# DATA IN THIS EXERCISE
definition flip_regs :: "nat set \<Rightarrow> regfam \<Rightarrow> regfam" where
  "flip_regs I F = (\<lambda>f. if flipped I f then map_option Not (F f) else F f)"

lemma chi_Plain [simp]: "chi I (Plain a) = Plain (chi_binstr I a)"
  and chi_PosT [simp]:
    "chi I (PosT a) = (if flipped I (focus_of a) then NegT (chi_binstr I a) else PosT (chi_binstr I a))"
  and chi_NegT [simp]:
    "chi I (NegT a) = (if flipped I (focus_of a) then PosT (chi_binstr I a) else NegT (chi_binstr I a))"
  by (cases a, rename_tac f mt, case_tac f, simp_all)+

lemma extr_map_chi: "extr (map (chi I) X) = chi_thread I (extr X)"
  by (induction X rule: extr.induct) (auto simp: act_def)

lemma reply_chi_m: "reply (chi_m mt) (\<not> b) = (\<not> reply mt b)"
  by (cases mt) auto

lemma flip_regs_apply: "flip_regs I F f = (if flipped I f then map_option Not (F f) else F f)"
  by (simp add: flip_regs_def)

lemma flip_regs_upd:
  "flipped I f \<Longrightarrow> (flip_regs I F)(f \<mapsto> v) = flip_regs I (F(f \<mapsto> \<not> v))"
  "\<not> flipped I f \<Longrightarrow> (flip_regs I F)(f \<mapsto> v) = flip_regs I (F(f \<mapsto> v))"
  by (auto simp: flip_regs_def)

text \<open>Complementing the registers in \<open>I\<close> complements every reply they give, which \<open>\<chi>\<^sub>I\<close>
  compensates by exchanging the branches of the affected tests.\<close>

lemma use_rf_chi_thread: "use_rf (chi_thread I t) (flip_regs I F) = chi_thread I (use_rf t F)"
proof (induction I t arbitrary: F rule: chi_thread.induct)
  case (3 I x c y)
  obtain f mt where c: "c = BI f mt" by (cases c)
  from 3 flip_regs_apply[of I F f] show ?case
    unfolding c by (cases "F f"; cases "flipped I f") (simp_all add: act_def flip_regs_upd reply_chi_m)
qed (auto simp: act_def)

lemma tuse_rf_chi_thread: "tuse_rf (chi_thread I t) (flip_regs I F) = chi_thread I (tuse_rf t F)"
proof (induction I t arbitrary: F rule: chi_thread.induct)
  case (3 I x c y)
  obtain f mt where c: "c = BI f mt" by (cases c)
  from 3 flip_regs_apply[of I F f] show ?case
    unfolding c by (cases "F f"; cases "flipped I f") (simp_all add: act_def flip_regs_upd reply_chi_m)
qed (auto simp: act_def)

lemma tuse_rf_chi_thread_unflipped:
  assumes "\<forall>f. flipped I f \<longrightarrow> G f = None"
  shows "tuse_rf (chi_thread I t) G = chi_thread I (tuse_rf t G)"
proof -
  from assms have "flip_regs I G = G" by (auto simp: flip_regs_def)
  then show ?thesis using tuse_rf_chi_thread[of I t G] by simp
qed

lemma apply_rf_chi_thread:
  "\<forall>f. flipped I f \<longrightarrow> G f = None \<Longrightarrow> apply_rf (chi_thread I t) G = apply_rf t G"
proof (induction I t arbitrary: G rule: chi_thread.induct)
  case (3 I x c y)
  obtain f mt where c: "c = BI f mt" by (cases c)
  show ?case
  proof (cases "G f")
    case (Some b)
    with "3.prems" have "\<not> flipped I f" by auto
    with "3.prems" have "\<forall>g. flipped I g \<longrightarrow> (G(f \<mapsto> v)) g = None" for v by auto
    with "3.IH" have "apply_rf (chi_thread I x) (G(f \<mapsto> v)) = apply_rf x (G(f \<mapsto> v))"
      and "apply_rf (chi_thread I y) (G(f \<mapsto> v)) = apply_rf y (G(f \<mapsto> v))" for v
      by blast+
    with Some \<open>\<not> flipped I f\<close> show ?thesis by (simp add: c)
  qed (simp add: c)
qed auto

# WORK INSTRUCTION
In the entries above, find the line holding "G = chi_thread" and the line holding "for v by auto"; print both of them and every line between, exactly, and nothing else.

# EXERCISE ANSWER
  shows "tuse_rf (chi_thread I t) G = chi_thread I (tuse_rf t G)"
proof -
  from assms have "flip_regs I G = G" by (auto simp: flip_regs_def)
  then show ?thesis using tuse_rf_chi_thread[of I t G] by simp
qed

lemma apply_rf_chi_thread:
  "\<forall>f. flipped I f \<longrightarrow> G f = None \<Longrightarrow> apply_rf (chi_thread I t) G = apply_rf t G"
proof (induction I t arbitrary: G rule: chi_thread.induct)
  case (3 I x c y)
  obtain f mt where c: "c = BI f mt" by (cases c)
  show ?case
  proof (cases "G f")
    case (Some b)
    with "3.prems" have "\<not> flipped I f" by auto
    with "3.prems" have "\<forall>g. flipped I g \<longrightarrow> (G(f \<mapsto> v)) g = None" for v by auto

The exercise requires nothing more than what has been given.